2. Critical Asset Inventory

2a. Irreplaceable Assets (MUST protect — loss = catastrophic)

Asset Location Backup
android/equitrail.jks workdir + Oracle backup ALSO keep offline encrypted copy
android/key.properties workdir + Oracle backup Contains keystore passwords
android/play_service_account.json workdir + Oracle backup Regeneratable via Google Cloud
android/app/google-services.json workdir + Oracle backup Re-downloadable from Firebase console
ios/Runner/GoogleService-Info.plist workdir + Oracle backup Re-downloadable from Firebase console
credentials.env workdir + Oracle backup Master credentials file
Firebase user data (Firestore) Firebase cloud Daily export to Cloud Storage

WARNING: Losing android/equitrail.jks without a backup means you CANNOT update the Play Store app ever again. You would need to publish a brand-new app with a new package name, losing all install history and reviews. This file must have 3 copies: (1) workdir, (2) Oracle backup server, (3) offline encrypted (USB/1Password).

2b. Recoverable Assets

Asset Recovery Method Time
Source code Clone from Azure DevOps 5 min
Website HTML Pull from git 5 min
Discord bot code Pull from git 5 min
GraphHopper server Re-provision Oracle Cloud instance + ansible/manual setup 2 hours
Firebase project config Re-download from Firebase console 15 min

3. Failure Scenarios & Runbooks


Scenario A: Firebase Outage (Google-side)

Symptoms: App login fails, rides not syncing, Firestore queries time out.

Impact: HIGH — users cannot log in, cloud sync broken. Local GPS tracking still works.

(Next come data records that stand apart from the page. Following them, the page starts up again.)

(* Let $\mathcal{A}$ be the ring of adeles of $\mathbb{Q}$ with $\mathbb{Q}^*$ acting by multiplication through the diagonal embedding. If $a\in\mathcal{A}$ is not invertible, then $$\overline{\mathbb{Q}^*a}=\{b\in\mathcal{A}: \text{for every } p\in\mathcal{P}\cup\{\infty\},\ a_p=0\implies b_p=0\}.$$
   Context: $\mathcal{P}$ is the set of primes. $\mathcal{A}=\mathcal{A}_f\times\mathbb{R}$, where $\mathcal{A}_f=\{(a_p)\in\prod_{p\in\mathcal{P}}\mathbb{Q}_p: a_p\in\mathbb{Z}_p\text{ for almost all }p\}$ with the restricted product topology; $\mathcal{A}$ has the product topology and componentwise operations, $\mathbb{Q}$ embedded diagonally. For $a\in\mathcal{A}$ write $a=((a_p)_{p\in\mathcal{P}},a_\infty)$. An adele is invertible iff all $a_p\ne0$, $a_\infty\ne0$ and $a_p\in\mathbb{Z}_p^*$ for almost all $p$. *)

theory Defs
  imports "HOL-Analysis.Analysis" "HOL-Computational_Algebra.Computational_Algebra"
begin

definition pval :: "nat \<Rightarrow> rat \<Rightarrow> int" where
  "pval p q = int (multiplicity (int p) (fst (quotient_of q)))
            - int (multiplicity (int p) (snd (quotient_of q)))"

definition padic_abs :: "nat \<Rightarrow> rat \<Rightarrow> real" where
  "padic_abs p q = (if q = 0 then 0 else real p powr (- real_of_int (pval p q)))"

definition pcauchy :: "nat \<Rightarrow> (nat \<Rightarrow> rat) \<Rightarrow> bool" where
  "pcauchy p X \<longleftrightarrow> (\<forall>e>0. \<exists>N. \<forall>m\<ge>N. \<forall>n\<ge>N. padic_abs p (X m - X n) < e)"

definition pequiv :: "nat \<Rightarrow> (nat \<Rightarrow> rat) \<Rightarrow> (nat \<Rightarrow> rat) \<Rightarrow> bool" where
  "pequiv p X Y \<longleftrightarrow> (\<lambda>n. padic_abs p (X n - Y n)) \<longlonglongrightarrow> 0"

type_synonym padic = "(nat \<Rightarrow> rat) set"

definition pclass :: "nat \<Rightarrow> (nat \<Rightarrow> rat) \<Rightarrow> padic" where
  "pclass p X = {Y. pcauchy p Y \<and> pequiv p X Y}"

definition Qp :: "nat \<Rightarrow> padic set" where
  "Qp p = {pclass p X | X. pcauchy p X}"

definition prep :: "padic \<Rightarrow> nat \<Rightarrow> rat" where
  "prep x = (SOME X. X \<in> x)"

definition pof_rat :: "nat \<Rightarrow> rat \<Rightarrow> padic" where
  "pof_rat p q = pclass p (\<lambda>_. q)"

definition pmul :: "nat \<Rightarrow> padic \<Rightarrow> padic \<Rightarrow> padic" where
  "pmul p x y = pclass p (\<lambda>n. prep x n * prep y n)"
text \<open>The weights left behind when a leaf hanging at \<open>x\<close>, or a vertex adjacent to the two adjacent
  vertices \<open>x, y\<close>, is summed out: they only depend on the colour of \<open>x\<close> one level higher, resp. on
  the common-neighbour part of the colour of \<open>(x, y)\<close> two levels higher.\<close>

definition leaf_weight :: "('c \<Rightarrow> color multiset \<Rightarrow> nat) \<Rightarrow> ('c \<Rightarrow> 'c \<Rightarrow> color \<Rightarrow> nat) \<Rightarrow>
    'c \<Rightarrow> 'c \<Rightarrow> color multiset \<Rightarrow> nat" where
  "leaf_weight \<alpha> \<beta> w x m =
     (\<Sum>c\<in>#m. \<alpha> w (color_tgt c) * (\<beta> w x (color_swap (color_prev c)) * \<beta> x w (color_prev c)))"

definition triangle_weight :: "('c \<Rightarrow> color multiset \<Rightarrow> nat) \<Rightarrow> ('c \<Rightarrow> 'c \<Rightarrow> color \<Rightarrow> nat) \<Rightarrow>
    'c \<Rightarrow> 'c \<Rightarrow> 'c \<Rightarrow> color \<Rightarrow> nat" where
  "triangle_weight \<alpha> \<beta> w x y c = (\<Sum>p\<in># color_common c.
     \<alpha> w (color_tgt (fst p)) * (\<beta> w x (color_swap (color_prev (fst p))) * \<beta> x w (color_prev (fst p)))
       * (\<beta> w y (color_swap (color_prev (snd p))) * \<beta> y w (color_prev (snd p))))"

lemma extension_weight_leaf:
  assumes "is_graph V E"
  shows "extension_weight l V E \<alpha> \<beta> w {x} h = leaf_weight \<alpha> \<beta> w x (vertex_color (Suc l) E (h x))"
proof -
  have "{z \<in> V. \<forall>x'\<in>{x}. {h x', z} \<in> E} = nbhd E (h x)"
    using nbhd_subset[OF assms] unfolding nbhd_def by auto
  then show ?thesis
    unfolding extension_weight_def leaf_weight_def vertex_color_def
    by (simp add: sum_unfold_sum_mset multiset.map_comp o_def ebc_swap[symmetric] vertex_color_def)
qed

lemma extension_weight_triangle:
  assumes "is_graph V E" "x \<noteq> y"
  shows "extension_weight l V E \<alpha> \<beta> w {x, y} h =
    triangle_weight \<alpha> \<beta> w x y (ebc (Suc (Suc l)) E (h x, h y))"
proof -
  have "{z \<in> V. \<forall>x'\<in>{x, y}. {h x', z} \<in> E} = nbhd E (h x) \<inter> nbhd E (h y)"
    using nbhd_subset[OF assms(1)] unfolding nbhd_def by auto
  then show ?thesis
    unfolding extension_weight_def triangle_weight_def using assms(2)
    by (simp add: sum_unfold_sum_mset multiset.map_comp o_def ebc_swap[symmetric] vertex_color_def
        ac_simps)
qed

lemma weighted_hom_count_remove_isolated:
  assumes "is_graph VF EF" "w \<in> VF" "is_graph V E" "nbhd EF w = {}"
  shows "weighted_hom_count l V E VF EF \<alpha> \<beta> =
    weighted_hom_count l V E (VF - {w}) (edges_del EF w) \<alpha> \<beta> * (\<Sum>z\<in>V. \<alpha> w (vertex_color l E z))"
  unfolding weighted_hom_count_remove_vertex[OF assms(1-3)] assms(4)
  by (simp add: weighted_hom_count_def extension_weight_def sum_distrib_right)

Runbook: 1. Check https://status.firebase.google.com — confirm it is a Google-side outage. 2. Post in Discord #announcements: "We are aware of a temporary cloud sync issue. Local tracking continues to work. No data is lost." 3. No code change needed — app is designed with offline-first Hive storage. 4. Monitor Firebase status page. 5. When restored: CloudSyncService will auto-sync on next app open. 6. If > 6 hours: post update in Discord.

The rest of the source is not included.